Segment Open
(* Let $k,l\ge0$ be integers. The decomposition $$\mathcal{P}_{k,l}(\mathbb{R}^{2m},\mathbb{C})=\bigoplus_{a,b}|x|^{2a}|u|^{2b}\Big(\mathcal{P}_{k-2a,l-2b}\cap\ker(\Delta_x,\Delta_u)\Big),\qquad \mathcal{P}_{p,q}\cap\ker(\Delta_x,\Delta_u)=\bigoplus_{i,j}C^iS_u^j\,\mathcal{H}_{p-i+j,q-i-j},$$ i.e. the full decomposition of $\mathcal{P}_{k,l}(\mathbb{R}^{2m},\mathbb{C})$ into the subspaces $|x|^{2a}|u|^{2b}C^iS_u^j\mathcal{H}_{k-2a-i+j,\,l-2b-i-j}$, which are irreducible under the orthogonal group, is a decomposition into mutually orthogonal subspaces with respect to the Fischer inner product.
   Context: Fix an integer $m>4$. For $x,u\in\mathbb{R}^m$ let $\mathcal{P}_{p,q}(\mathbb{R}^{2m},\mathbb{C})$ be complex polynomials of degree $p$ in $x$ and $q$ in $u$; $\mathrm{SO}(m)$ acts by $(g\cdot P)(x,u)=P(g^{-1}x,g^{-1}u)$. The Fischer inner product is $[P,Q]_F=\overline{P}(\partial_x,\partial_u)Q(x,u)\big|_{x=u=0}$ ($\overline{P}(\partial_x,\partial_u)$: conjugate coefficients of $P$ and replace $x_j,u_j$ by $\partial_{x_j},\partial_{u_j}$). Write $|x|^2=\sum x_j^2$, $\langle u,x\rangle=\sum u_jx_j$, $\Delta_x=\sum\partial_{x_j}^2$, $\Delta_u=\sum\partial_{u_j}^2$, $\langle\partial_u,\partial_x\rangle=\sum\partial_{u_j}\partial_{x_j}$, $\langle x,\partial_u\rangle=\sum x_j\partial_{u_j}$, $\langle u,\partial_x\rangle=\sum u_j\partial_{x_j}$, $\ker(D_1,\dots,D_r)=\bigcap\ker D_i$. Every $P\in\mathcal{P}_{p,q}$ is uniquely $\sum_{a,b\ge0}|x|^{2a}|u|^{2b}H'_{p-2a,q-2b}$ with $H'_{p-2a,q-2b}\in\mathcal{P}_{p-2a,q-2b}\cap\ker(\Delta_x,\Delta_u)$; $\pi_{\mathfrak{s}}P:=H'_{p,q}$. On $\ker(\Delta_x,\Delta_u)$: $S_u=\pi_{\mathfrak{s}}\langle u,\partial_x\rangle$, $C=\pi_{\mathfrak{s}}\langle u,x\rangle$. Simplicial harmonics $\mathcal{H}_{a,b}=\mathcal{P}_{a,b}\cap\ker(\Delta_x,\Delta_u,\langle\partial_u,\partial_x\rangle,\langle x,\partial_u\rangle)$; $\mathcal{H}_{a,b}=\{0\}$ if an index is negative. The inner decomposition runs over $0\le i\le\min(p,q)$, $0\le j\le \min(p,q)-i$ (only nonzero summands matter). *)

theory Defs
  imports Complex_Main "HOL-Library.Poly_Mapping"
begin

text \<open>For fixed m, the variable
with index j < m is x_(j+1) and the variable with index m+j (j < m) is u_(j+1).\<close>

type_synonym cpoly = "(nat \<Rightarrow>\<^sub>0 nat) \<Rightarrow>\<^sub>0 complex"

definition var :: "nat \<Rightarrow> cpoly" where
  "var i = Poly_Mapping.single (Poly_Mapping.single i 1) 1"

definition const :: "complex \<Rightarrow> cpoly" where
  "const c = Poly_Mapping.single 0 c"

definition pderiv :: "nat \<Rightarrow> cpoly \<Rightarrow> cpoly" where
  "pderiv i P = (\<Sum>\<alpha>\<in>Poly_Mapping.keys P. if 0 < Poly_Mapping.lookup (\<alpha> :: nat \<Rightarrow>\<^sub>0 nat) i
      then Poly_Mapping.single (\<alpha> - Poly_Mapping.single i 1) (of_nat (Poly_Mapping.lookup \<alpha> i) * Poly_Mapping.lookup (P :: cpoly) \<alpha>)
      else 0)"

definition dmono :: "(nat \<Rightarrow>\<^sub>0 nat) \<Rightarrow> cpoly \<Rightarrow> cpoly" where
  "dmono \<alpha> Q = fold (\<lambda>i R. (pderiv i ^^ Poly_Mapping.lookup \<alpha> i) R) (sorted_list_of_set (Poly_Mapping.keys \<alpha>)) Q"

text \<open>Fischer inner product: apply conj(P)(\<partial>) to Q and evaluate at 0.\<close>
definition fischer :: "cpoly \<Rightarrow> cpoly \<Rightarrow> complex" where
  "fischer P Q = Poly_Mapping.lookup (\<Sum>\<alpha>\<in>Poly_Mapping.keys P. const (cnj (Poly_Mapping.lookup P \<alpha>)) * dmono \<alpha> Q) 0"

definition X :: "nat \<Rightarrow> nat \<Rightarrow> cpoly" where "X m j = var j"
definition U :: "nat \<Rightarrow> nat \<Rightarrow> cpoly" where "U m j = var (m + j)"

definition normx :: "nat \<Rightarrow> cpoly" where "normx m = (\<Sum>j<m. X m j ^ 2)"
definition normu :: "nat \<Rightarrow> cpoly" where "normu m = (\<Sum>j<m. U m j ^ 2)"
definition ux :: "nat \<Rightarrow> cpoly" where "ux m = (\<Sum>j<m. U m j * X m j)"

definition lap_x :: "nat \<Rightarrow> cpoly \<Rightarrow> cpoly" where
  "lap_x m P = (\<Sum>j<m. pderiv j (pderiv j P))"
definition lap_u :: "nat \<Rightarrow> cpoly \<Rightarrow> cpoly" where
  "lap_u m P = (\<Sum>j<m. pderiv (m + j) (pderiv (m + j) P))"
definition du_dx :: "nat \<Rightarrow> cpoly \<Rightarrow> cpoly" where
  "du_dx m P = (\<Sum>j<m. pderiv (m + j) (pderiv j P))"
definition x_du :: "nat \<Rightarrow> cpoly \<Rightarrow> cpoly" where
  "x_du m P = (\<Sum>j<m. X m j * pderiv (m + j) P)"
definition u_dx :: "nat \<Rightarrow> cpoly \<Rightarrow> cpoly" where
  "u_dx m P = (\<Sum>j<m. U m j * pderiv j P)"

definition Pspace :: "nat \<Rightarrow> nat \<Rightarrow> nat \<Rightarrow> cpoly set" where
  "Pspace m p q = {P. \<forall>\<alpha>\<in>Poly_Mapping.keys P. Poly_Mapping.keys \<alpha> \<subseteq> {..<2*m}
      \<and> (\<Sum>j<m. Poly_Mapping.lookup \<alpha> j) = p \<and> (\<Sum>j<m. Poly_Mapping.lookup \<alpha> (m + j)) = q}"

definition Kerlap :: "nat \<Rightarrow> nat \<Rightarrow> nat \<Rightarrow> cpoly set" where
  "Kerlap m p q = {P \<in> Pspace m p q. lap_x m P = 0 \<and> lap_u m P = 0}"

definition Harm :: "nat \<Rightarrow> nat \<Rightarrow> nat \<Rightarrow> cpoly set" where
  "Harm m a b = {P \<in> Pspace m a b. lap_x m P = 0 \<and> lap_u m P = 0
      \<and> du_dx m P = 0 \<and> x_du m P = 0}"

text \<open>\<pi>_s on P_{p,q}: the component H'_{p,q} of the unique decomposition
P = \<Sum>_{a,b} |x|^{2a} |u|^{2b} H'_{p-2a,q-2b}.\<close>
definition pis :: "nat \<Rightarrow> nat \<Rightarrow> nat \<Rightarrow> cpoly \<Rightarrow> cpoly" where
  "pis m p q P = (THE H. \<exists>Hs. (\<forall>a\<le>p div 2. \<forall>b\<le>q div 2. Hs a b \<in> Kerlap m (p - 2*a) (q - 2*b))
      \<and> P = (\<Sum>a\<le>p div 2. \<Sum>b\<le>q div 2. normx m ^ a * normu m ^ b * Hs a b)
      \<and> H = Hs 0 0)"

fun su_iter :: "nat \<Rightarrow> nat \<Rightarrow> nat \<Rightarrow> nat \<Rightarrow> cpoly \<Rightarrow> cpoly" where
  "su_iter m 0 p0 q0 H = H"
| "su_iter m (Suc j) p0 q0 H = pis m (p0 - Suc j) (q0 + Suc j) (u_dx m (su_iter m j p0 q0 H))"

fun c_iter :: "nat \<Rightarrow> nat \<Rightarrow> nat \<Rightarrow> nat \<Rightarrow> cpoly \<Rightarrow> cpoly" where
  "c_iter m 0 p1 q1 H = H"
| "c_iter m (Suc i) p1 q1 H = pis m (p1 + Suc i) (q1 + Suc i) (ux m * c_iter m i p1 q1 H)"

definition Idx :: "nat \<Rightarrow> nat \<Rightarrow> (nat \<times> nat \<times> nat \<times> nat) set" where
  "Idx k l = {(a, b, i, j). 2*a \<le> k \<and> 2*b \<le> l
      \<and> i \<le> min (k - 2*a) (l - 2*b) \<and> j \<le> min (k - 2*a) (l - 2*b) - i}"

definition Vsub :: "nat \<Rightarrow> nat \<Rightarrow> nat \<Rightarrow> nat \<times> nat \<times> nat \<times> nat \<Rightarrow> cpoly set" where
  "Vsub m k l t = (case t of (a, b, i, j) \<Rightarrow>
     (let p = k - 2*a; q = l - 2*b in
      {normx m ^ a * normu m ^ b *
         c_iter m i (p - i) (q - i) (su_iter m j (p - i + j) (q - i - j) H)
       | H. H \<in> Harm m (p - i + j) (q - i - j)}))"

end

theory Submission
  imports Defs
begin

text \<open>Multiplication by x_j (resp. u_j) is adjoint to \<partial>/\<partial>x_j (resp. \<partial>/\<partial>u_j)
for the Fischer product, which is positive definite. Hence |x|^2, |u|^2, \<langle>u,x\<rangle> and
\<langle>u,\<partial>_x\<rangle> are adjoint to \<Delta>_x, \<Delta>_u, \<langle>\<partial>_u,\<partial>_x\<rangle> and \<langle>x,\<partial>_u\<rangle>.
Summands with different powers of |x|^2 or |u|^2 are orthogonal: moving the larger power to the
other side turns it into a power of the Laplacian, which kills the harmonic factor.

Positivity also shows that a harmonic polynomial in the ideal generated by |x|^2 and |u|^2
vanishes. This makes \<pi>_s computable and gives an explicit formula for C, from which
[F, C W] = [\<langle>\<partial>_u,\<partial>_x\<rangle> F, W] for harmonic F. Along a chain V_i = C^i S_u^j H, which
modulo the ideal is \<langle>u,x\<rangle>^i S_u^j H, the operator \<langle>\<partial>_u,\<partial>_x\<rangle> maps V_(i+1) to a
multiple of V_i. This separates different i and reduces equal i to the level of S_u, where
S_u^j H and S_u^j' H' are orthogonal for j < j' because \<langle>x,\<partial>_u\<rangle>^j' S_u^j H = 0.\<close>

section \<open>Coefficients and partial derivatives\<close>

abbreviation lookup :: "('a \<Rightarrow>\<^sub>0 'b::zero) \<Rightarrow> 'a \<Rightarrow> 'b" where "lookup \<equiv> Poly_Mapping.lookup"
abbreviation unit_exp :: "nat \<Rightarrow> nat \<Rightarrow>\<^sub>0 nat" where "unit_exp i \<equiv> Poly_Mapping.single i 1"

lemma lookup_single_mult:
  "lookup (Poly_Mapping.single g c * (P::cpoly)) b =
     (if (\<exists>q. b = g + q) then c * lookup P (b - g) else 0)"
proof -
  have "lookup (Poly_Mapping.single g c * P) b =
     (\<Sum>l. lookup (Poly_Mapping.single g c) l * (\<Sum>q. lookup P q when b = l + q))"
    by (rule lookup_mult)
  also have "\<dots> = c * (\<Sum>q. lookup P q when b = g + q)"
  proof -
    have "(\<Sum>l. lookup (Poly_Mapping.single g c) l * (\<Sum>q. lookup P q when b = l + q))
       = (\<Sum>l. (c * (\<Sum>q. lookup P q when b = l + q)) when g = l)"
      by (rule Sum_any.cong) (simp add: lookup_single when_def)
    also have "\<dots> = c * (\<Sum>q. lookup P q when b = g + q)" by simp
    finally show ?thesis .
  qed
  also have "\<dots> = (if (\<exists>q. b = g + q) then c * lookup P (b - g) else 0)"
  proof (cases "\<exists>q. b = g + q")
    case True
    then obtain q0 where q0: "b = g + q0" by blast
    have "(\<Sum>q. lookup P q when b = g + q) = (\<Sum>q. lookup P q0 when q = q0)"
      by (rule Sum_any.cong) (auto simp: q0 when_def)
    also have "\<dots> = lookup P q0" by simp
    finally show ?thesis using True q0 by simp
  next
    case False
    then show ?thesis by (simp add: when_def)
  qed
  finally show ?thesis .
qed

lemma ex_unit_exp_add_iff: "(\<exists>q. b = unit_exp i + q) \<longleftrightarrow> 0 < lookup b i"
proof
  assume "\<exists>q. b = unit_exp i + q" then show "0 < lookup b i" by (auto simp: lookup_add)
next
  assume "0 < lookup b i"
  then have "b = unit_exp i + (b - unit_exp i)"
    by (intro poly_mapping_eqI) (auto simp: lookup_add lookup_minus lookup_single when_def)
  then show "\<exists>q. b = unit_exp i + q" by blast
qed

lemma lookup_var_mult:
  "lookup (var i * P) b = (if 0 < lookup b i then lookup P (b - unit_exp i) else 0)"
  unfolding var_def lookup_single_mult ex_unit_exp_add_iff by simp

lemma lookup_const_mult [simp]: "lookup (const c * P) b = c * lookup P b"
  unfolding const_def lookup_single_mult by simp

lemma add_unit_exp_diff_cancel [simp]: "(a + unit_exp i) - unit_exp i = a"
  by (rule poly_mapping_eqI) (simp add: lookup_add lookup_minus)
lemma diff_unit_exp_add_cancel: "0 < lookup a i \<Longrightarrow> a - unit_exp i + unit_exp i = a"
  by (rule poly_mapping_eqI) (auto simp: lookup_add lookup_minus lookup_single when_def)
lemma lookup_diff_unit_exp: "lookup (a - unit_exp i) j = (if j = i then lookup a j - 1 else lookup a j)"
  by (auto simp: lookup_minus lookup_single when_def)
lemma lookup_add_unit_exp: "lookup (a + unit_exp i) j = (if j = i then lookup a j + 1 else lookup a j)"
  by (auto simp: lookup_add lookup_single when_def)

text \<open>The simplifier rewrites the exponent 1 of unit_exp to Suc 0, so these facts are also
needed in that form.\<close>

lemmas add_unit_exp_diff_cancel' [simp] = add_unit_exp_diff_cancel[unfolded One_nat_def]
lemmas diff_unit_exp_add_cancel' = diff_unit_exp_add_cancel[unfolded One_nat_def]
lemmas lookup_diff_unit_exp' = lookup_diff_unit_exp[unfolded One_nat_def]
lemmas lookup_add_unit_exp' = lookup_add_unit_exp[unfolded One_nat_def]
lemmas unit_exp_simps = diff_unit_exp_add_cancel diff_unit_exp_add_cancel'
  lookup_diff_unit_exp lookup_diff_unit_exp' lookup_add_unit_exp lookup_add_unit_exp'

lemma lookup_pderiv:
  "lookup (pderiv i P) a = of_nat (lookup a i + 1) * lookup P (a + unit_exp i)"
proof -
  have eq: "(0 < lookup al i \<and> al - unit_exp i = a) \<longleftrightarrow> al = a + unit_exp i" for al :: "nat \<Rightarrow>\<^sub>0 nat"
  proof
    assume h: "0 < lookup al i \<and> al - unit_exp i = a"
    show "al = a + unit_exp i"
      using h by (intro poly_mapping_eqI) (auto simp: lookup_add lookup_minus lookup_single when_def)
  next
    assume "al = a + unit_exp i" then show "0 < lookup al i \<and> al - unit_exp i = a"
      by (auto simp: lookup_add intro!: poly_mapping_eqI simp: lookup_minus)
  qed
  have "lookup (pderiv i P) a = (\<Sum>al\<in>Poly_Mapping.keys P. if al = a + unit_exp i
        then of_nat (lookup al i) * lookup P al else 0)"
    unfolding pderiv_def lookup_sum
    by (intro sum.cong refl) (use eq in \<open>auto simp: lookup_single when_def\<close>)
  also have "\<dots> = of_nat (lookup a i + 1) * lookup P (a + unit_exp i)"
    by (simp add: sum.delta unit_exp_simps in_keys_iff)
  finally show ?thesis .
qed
Segment Closed
◆ Problem statement
From the records, copy every line that has the string "exists" in it.

◆ Output of the task
  "pis m p q P = (THE H. \<exists>Hs. (\<forall>a\<le>p div 2. \<forall>b\<le>q div 2. Hs a b \<in> Kerlap m (p - 2*a) (q - 2*b))
     (if (\<exists>q. b = g + q) then c * lookup P (b - g) else 0)"
  also have "\<dots> = (if (\<exists>q. b = g + q) then c * lookup P (b - g) else 0)"
  proof (cases "\<exists>q. b = g + q")
lemma ex_unit_exp_add_iff: "(\<exists>q. b = unit_exp i + q) \<longleftrightarrow> 0 < lookup b i"
  assume "\<exists>q. b = unit_exp i + q" then show "0 < lookup b i" by (auto simp: lookup_add)
  then show "\<exists>q. b = unit_exp i + q" by blast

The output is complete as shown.